Stored data
- - - -
(* Let $A,B$ be non-empty sets, $I$ a non-empty index set, $\{V_i\}_{i\in I}\subseteq\mathcal R(A)$, $\{W_i\}_{i\in I}\subseteq\mathcal R(B)$, $Z\in\mathcal R(A,B)$, and let $R\in\mathcal R(A,B)$ be a solution to $WL^{2\text{-}3}(A,B,I,V_i,W_i,Z)$. Then (a) $R\circ R^{-1}$ is a solution to $WL^{1\text{-}4}(A,I,V_i,Z\circ Z^{-1})$; (b) $R^{-1}\circ R$ is a solution to $WL^{1\text{-}4}(B,I,W_i,Z^{-1}\circ Z)$.
   Context: $\mathcal L=(L,\wedge,\vee,\otimes,\to,0,1)$ is a complete residuated lattice. For non-empty sets $X,Y$, $\mathcal R(X,Y)$ is the set of fuzzy relations $X\times Y\to L$, $\mathcal R(X)=\mathcal R(X,X)$, ordered pointwise; $R^{-1}(y,x)=R(x,y)$; $(R\circ S)(x,t)=\bigvee_{y}R(x,y)\otimes S(y,t)$. $WL^{2\text{-}3}(A,B,I,V_i,W_i,Z)$ (unknown $U\in\mathcal R(A,B)$): $U^{-1}\circ V_i\le W_i\circ U^{-1}$ and $U\circ W_i\le V_i\circ U$ for all $i\in I$, and $U\le Z$. For a non-empty set $X$, $\{V_i\}\subseteq\mathcal R(X)$, $W\in\mathcal R(X)$, $WL^{1\text{-}4}(X,I,V_i,W)$ (unknown $U\in\mathcal R(X)$): $U\circ V_i\le V_i\circ U$ and $U^{-1}\circ V_i\le V_i\circ U^{-1}$ for all $i\in I$, and $U\le W$, $U^{-1}\le W$. *)

theory Defs
  imports Main
begin

class complete_residuated_lattice = complete_lattice + comm_monoid_mult +
  fixes residuum :: "'a \<Rightarrow> 'a \<Rightarrow> 'a" (infixr "\<rightharpoonup>" 25)
  assumes one_is_top: "1 = top"
  assumes residuation: "x * y \<le> z \<longleftrightarrow> x \<le> (y \<rightharpoonup> z)"

type_synonym ('a, 'b, 'l) frel = "'a \<Rightarrow> 'b \<Rightarrow> 'l"

definition conv :: "('a, 'b, 'l) frel \<Rightarrow> ('b, 'a, 'l) frel" where
  "conv R = (\<lambda>y x. R x y)"

definition rcomp :: "('a, 'b, 'l::complete_residuated_lattice) frel \<Rightarrow> ('b, 'c, 'l) frel \<Rightarrow> ('a, 'c, 'l) frel"
  (infixl "\<circ>\<^sub>R" 75) where
  "rcomp R S = (\<lambda>x t. SUP y. R x y * S y t)"

definition WL23 :: "'i set \<Rightarrow> ('i \<Rightarrow> ('a,'a,'l::complete_residuated_lattice) frel)
    \<Rightarrow> ('i \<Rightarrow> ('b,'b,'l) frel) \<Rightarrow> ('a,'b,'l) frel \<Rightarrow> ('a,'b,'l) frel \<Rightarrow> bool" where
  "WL23 I V W Z U \<longleftrightarrow>
     (\<forall>i\<in>I. conv U \<circ>\<^sub>R V i \<le> W i \<circ>\<^sub>R conv U \<and> U \<circ>\<^sub>R W i \<le> V i \<circ>\<^sub>R U) \<and> U \<le> Z"

definition WL14 :: "'i set \<Rightarrow> ('i \<Rightarrow> ('a,'a,'l::complete_residuated_lattice) frel)
    \<Rightarrow> ('a,'a,'l) frel \<Rightarrow> ('a,'a,'l) frel \<Rightarrow> bool" where
  "WL14 I V W U \<longleftrightarrow>
     (\<forall>i\<in>I. U \<circ>\<^sub>R V i \<le> V i \<circ>\<^sub>R U \<and> conv U \<circ>\<^sub>R V i \<le> V i \<circ>\<^sub>R conv U) \<and> U \<le> W \<and> conv U \<le> W"

end

theory Submission
  imports Defs
begin

text \<open>If \<open>U\<close> intertwines \<open>W\<close> and \<open>V\<close> in both directions, then \<open>U \<circ> U\<inverse>\<close> commutes (in the weak
  sense \<open>\<le>\<close>) with \<open>V\<close>, and it is symmetric. Since \<open>WL23\<close> is invariant under swapping
  \<open>(A, V, Z, R)\<close> with \<open>(B, W, Z\<inverse>, R\<inverse>)\<close>, part (b) is part (a) for the converse problem.
  Associativity of composition rests on \<open>*\<close> distributing over suprema, a consequence
  of residuation.\<close>

lemma mult_right_mono_crl: "(a::'l::complete_residuated_lattice) \<le> b \<Longrightarrow> a * c \<le> b * c"
  by (meson order_trans residuation order_refl)

lemma mult_mono_crl: "(a::'l::complete_residuated_lattice) \<le> b \<Longrightarrow> c \<le> d \<Longrightarrow> a * c \<le> b * d"
  by (metis mult_right_mono_crl mult.commute order_trans)

lemma SUP_mult_distrib_right: "(SUP y. f y) * (x::'l::complete_residuated_lattice) = (SUP y. f y * x)"
proof (rule antisym)
  have "(SUP y. f y) \<le> (x \<rightharpoonup> (SUP y. f y * x))"
    by (rule SUP_least) (metis residuation SUP_upper UNIV_I)
  then show "(SUP y. f y) * x \<le> (SUP y. f y * x)" using residuation by blast
  show "(SUP y. f y * x) \<le> (SUP y. f y) * x"
    by (rule SUP_least) (simp add: mult_right_mono_crl SUP_upper)
qed

lemma SUP_mult_distrib_left: "(x::'l::complete_residuated_lattice) * (SUP y. f y) = (SUP y. x * f y)"
  using SUP_mult_distrib_right[of f x] by (simp add: mult.commute)

lemma rcomp_assoc: "(R \<circ>\<^sub>R S) \<circ>\<^sub>R T = R \<circ>\<^sub>R (S \<circ>\<^sub>R T)"
proof -
  have "(SUP z. (SUP y. R x y * S y z) * T z t) = (SUP y. R x y * (SUP z. S y z * T z t))" for x t
  proof -
    have "(SUP z. (SUP y. R x y * S y z) * T z t) = (SUP z. SUP y. R x y * S y z * T z t)"
      by (simp add: SUP_mult_distrib_right)
    also have "\<dots> = (SUP y. SUP z. R x y * S y z * T z t)" by (rule SUP_commute)
    also have "\<dots> = (SUP y. R x y * (SUP z. S y z * T z t))"
      by (simp add: SUP_mult_distrib_left mult.assoc)
    finally show ?thesis .
  qed
  then show ?thesis by (simp add: rcomp_def fun_eq_iff)
qed

lemma rcomp_mono: "R \<le> R' \<Longrightarrow> S \<le> S' \<Longrightarrow> R \<circ>\<^sub>R S \<le> R' \<circ>\<^sub>R S'"
  unfolding rcomp_def le_fun_def
  by (intro allI SUP_mono) (metis mult_mono_crl UNIV_I order_refl)

lemma conv_rcomp: "conv (R \<circ>\<^sub>R S) = conv S \<circ>\<^sub>R conv R"
  by (simp add: conv_def rcomp_def fun_eq_iff mult.commute)

lemma conv_conv [simp]: "conv (conv R) = R"
  by (simp add: conv_def)

lemma conv_mono: "R \<le> S \<Longrightarrow> conv R \<le> conv S"
  by (simp add: conv_def le_fun_def)

lemma conv_rcomp_conv_self: "conv (R \<circ>\<^sub>R conv R) = R \<circ>\<^sub>R conv R"
  by (simp add: conv_rcomp)

lemma rcomp_conv_self_subcommute:
  assumes "conv U \<circ>\<^sub>R V \<le> W \<circ>\<^sub>R conv U" and "U \<circ>\<^sub>R W \<le> V \<circ>\<^sub>R U"
  shows "U \<circ>\<^sub>R conv U \<circ>\<^sub>R V \<le> V \<circ>\<^sub>R (U \<circ>\<^sub>R conv U)"
proof -
  have "U \<circ>\<^sub>R conv U \<circ>\<^sub>R V = U \<circ>\<^sub>R (conv U \<circ>\<^sub>R V)" by (simp add: rcomp_assoc)
  also have "\<dots> \<le> U \<circ>\<^sub>R (W \<circ>\<^sub>R conv U)" using assms(1) by (simp add: rcomp_mono)
  also have "\<dots> = (U \<circ>\<^sub>R W) \<circ>\<^sub>R conv U" by (simp add: rcomp_assoc)
  also have "\<dots> \<le> (V \<circ>\<^sub>R U) \<circ>\<^sub>R conv U" using assms(2) by (simp add: rcomp_mono)
  also have "\<dots> = V \<circ>\<^sub>R (U \<circ>\<^sub>R conv U)" by (simp add: rcomp_assoc)
  finally show ?thesis .
qed

lemma WL23_imp_WL14_rcomp_conv:
  assumes "WL23 I V W Z R"
  shows "WL14 I V (Z \<circ>\<^sub>R conv Z) (R \<circ>\<^sub>R conv R)"
proof -
  have "R \<le> Z" using assms by (simp add: WL23_def)
  then have "R \<circ>\<^sub>R conv R \<le> Z \<circ>\<^sub>R conv Z" by (intro rcomp_mono conv_mono)
  with assms show ?thesis
    unfolding WL14_def conv_rcomp_conv_self by (auto simp: WL23_def rcomp_conv_self_subcommute)
qed

lemma WL23_conv: "WL23 I V W Z R \<Longrightarrow> WL23 I W V (conv Z) (conv R)"
  by (auto simp: WL23_def conv_mono)

theorem proposition7p1:
  fixes I :: "'i set"
    and V :: "'i \<Rightarrow> ('a, 'a, 'l::complete_residuated_lattice) frel"
    and W :: "'i \<Rightarrow> ('b, 'b, 'l) frel"
    and Z R :: "('a, 'b, 'l) frel"
  assumes "I \<noteq> {}"
    and "WL23 I V W Z R"
  shows "WL14 I V (Z \<circ>\<^sub>R conv Z) (R \<circ>\<^sub>R conv R) \<and>
         WL14 I W (conv Z \<circ>\<^sub>R Z) (conv R \<circ>\<^sub>R R)"
  using WL23_imp_WL14_rcomp_conv[OF assms(2)]
    WL23_imp_WL14_rcomp_conv[OF WL23_conv[OF assms(2)]]
  by simp

end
- - - -
• _Exercise details_:
Reproduce exactly the entries above, limited to the lines from the one with "b \<Longrightarrow> a" through the one with "by (simp add: conv_def)", both included.

• _Answer area_:
lemma mult_right_mono_crl: "(a::'l::complete_residuated_lattice) \<le> b \<Longrightarrow> a * c \<le> b * c"
  by (meson order_trans residuation order_refl)

lemma mult_mono_crl: "(a::'l::complete_residuated_lattice) \<le> b \<Longrightarrow> c \<le> d \<Longrightarrow> a * c \<le> b * d"
  by (metis mult_right_mono_crl mult.commute order_trans)

lemma SUP_mult_distrib_right: "(SUP y. f y) * (x::'l::complete_residuated_lattice) = (SUP y. f y * x)"
proof (rule antisym)
  have "(SUP y. f y) \<le> (x \<rightharpoonup> (SUP y. f y * x))"
    by (rule SUP_least) (metis residuation SUP_upper UNIV_I)
  then show "(SUP y. f y) * x \<le> (SUP y. f y * x)" using residuation by blast
  show "(SUP y. f y * x) \<le> (SUP y. f y) * x"
    by (rule SUP_least) (simp add: mult_right_mono_crl SUP_upper)
qed

lemma SUP_mult_distrib_left: "(x::'l::complete_residuated_lattice) * (SUP y. f y) = (SUP y. x * f y)"
  using SUP_mult_distrib_right[of f x] by (simp add: mult.commute)

lemma rcomp_assoc: "(R \<circ>\<^sub>R S) \<circ>\<^sub>R T = R \<circ>\<^sub>R (S \<circ>\<^sub>R T)"
proof -
  have "(SUP z. (SUP y. R x y * S y z) * T z t) = (SUP y. R x y * (SUP z. S y z * T z t))" for x t
  proof -
    have "(SUP z. (SUP y. R x y * S y z) * T z t) = (SUP z. SUP y. R x y * S y z * T z t)"
      by (simp add: SUP_mult_distrib_right)
    also have "\<dots> = (SUP y. SUP z. R x y * S y z * T z t)" by (rule SUP_commute)
    also have "\<dots> = (SUP y. R x y * (SUP z. S y z * T z t))"
      by (simp add: SUP_mult_distrib_left mult.assoc)
    finally show ?thesis .
  qed
  then show ?thesis by (simp add: rcomp_def fun_eq_iff)
qed

lemma rcomp_mono: "R \<le> R' \<Longrightarrow> S \<le> S' \<Longrightarrow> R \<circ>\<^sub>R S \<le> R' \<circ>\<^sub>R S'"
  unfolding rcomp_def le_fun_def
  by (intro allI SUP_mono) (metis mult_mono_crl UNIV_I order_refl)

lemma conv_rcomp: "conv (R \<circ>\<^sub>R S) = conv S \<circ>\<^sub>R conv R"
  by (simp add: conv_def rcomp_def fun_eq_iff mult.commute)

lemma conv_conv [simp]: "conv (conv R) = R"
  by (simp add: conv_def)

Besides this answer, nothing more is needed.